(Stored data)
= Beginning of Section =
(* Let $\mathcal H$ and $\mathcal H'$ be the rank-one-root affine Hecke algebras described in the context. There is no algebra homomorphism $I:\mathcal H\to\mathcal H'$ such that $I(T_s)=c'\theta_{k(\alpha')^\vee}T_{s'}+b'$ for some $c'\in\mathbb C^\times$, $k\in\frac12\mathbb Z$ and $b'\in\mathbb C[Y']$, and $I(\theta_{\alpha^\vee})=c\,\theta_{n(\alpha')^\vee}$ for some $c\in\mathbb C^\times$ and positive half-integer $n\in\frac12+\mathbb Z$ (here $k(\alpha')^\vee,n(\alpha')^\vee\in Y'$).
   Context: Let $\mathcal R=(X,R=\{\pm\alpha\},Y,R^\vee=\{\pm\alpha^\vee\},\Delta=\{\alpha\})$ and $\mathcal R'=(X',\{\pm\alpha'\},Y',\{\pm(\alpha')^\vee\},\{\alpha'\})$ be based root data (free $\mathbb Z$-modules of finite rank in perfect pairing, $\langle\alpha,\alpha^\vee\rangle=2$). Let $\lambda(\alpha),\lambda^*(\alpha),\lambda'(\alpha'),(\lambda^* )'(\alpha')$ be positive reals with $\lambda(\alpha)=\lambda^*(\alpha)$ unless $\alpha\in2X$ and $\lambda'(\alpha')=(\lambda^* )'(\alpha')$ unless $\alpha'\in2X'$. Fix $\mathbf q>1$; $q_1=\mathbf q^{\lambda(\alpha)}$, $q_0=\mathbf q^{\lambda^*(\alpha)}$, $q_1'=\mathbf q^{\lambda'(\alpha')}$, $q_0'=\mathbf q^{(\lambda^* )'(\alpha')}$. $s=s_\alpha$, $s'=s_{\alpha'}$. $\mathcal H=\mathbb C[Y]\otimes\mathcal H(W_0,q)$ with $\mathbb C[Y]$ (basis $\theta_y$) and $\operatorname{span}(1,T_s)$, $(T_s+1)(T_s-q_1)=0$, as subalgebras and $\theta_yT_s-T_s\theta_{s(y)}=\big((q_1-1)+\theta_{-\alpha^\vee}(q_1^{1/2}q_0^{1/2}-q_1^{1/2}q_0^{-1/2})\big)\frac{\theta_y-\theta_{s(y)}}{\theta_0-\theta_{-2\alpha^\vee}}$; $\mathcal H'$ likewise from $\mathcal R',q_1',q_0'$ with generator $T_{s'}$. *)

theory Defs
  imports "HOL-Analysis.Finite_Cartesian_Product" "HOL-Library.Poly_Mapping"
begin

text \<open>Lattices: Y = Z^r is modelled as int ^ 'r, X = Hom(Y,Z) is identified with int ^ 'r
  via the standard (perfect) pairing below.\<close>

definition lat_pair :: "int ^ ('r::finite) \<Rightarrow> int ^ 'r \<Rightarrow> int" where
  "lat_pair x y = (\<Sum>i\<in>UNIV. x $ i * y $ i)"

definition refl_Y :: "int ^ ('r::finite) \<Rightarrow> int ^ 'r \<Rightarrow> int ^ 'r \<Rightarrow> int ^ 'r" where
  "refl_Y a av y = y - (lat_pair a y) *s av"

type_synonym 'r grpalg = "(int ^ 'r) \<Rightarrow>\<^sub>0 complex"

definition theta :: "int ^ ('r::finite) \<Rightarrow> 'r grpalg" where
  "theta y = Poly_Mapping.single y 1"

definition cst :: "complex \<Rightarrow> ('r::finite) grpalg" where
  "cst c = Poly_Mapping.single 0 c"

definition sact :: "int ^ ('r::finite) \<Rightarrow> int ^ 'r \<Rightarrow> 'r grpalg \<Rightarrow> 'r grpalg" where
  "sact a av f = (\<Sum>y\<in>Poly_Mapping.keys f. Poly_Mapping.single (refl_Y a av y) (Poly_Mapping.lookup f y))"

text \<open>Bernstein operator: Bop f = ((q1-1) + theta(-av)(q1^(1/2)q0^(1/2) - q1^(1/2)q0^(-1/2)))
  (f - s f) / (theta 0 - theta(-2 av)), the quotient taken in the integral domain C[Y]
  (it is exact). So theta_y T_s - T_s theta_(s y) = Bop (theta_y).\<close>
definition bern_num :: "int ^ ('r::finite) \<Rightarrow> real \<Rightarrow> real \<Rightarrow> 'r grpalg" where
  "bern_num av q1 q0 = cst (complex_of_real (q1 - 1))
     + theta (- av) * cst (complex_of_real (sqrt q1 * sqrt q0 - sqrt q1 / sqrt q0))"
= End of Section =
= Beginning of Section =
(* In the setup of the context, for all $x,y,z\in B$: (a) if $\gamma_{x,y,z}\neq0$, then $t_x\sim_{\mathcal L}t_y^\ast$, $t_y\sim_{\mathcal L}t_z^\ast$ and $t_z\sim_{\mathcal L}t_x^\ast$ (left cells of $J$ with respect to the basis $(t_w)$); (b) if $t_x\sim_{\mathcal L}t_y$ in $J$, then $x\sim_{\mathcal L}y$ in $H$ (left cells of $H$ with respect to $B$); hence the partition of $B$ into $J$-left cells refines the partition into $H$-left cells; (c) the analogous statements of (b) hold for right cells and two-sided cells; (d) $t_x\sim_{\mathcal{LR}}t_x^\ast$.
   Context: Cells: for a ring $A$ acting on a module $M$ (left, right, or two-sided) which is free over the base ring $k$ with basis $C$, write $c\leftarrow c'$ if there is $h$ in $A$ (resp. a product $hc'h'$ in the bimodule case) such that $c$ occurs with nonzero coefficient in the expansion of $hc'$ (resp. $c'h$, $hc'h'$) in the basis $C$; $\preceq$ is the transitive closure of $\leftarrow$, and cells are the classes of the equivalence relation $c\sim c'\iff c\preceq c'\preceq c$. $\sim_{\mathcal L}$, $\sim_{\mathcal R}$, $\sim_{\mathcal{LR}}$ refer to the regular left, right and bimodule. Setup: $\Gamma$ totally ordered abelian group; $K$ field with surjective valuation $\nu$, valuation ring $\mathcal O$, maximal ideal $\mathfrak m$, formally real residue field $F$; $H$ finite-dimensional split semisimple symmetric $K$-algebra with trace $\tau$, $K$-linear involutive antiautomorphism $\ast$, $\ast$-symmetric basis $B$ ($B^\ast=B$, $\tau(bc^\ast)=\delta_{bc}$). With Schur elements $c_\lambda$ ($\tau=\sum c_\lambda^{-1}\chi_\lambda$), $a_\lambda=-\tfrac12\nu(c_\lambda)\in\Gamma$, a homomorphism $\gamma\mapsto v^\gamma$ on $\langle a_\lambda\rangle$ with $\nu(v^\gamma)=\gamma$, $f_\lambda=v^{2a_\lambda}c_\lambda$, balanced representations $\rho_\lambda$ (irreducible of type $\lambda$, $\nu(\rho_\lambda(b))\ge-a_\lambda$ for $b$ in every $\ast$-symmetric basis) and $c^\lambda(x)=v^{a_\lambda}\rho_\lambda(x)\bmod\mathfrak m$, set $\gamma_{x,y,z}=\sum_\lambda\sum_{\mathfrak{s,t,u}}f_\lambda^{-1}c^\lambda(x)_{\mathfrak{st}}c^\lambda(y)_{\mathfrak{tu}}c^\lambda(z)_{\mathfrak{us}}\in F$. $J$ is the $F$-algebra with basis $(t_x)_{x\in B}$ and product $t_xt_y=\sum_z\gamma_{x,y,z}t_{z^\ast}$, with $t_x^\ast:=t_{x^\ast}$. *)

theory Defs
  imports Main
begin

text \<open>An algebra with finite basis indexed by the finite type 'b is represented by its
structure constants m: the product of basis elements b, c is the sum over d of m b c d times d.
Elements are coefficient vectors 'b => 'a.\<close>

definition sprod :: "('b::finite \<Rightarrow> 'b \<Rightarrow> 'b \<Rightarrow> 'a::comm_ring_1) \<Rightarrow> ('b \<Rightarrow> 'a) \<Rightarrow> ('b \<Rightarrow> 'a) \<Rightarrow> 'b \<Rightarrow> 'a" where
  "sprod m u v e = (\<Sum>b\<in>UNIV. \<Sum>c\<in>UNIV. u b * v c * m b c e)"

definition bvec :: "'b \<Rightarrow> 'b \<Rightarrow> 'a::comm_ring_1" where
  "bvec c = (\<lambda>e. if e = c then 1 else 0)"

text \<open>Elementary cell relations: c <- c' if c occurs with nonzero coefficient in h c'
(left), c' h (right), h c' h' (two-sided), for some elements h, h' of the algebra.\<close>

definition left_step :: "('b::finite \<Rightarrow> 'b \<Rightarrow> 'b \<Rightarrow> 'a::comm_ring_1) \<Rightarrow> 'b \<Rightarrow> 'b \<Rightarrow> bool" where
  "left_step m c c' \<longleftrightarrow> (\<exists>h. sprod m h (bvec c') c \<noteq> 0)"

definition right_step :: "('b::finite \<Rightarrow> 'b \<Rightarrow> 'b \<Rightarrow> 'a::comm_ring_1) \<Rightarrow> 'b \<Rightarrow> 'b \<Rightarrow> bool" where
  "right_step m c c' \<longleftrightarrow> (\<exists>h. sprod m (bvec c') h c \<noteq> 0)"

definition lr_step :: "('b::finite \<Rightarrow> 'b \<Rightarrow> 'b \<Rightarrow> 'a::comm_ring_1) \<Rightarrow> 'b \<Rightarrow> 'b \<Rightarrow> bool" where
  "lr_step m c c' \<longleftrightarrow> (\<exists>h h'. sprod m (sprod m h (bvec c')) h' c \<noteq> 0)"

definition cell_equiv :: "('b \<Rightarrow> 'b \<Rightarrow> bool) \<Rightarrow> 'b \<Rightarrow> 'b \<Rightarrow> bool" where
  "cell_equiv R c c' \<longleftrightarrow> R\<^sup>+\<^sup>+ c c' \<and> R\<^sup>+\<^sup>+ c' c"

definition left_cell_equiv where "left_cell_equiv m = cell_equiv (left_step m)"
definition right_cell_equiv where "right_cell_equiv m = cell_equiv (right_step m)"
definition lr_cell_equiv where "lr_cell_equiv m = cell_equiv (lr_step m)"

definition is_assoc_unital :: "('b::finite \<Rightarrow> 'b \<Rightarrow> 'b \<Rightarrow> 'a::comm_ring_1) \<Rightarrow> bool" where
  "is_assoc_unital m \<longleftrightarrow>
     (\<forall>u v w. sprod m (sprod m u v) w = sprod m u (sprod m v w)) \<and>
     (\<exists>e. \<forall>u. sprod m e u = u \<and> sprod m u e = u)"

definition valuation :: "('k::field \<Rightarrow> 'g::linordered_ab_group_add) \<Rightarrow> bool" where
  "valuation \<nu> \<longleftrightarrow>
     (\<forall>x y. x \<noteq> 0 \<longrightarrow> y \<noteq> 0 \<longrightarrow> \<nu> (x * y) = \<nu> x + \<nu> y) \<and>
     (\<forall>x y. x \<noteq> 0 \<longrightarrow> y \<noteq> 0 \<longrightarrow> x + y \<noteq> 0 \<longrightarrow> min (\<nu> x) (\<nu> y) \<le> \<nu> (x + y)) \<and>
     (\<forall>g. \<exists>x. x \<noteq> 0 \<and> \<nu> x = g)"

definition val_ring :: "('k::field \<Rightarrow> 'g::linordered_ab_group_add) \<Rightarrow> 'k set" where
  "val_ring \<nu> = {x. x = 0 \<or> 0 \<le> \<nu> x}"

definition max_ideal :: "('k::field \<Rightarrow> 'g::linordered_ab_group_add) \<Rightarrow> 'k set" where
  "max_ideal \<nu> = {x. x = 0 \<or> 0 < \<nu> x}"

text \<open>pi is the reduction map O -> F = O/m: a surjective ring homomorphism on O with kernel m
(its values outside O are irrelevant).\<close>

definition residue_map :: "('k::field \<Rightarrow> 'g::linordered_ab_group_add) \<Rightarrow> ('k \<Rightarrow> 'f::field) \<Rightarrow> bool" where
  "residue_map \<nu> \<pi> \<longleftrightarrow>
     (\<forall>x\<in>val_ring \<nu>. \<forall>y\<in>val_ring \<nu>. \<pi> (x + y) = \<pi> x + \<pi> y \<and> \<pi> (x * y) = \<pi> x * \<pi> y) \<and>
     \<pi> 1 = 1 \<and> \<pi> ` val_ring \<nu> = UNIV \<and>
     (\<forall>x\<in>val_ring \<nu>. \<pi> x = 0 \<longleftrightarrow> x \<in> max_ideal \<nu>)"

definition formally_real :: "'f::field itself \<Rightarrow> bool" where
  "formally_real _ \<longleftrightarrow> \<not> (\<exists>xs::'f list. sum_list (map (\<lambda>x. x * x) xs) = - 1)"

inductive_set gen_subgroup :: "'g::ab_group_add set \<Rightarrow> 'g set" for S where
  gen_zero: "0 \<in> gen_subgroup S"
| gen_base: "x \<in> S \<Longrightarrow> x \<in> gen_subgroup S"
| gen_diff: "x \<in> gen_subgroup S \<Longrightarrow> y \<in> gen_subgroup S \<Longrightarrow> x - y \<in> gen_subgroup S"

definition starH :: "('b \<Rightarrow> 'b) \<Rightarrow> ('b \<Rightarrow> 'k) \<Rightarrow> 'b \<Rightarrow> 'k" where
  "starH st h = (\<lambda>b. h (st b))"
= End of Section =
*Instructions for the task:* All lines carrying the word "open" must be copied from the data above.

*Exercise result:*
text \<open>Lattices: Y = Z^r is modelled as int ^ 'r, X = Hom(Y,Z) is identified with int ^ 'r
text \<open>Bernstein operator: Bop f = ((q1-1) + theta(-av)(q1^(1/2)q0^(1/2) - q1^(1/2)q0^(-1/2)))
text \<open>An algebra with finite basis indexed by the finite type 'b is represented by its
text \<open>Elementary cell relations: c <- c' if c occurs with nonzero coefficient in h c'
text \<open>pi is the reduction map O -> F = O/m: a surjective ring homomorphism on O with kernel m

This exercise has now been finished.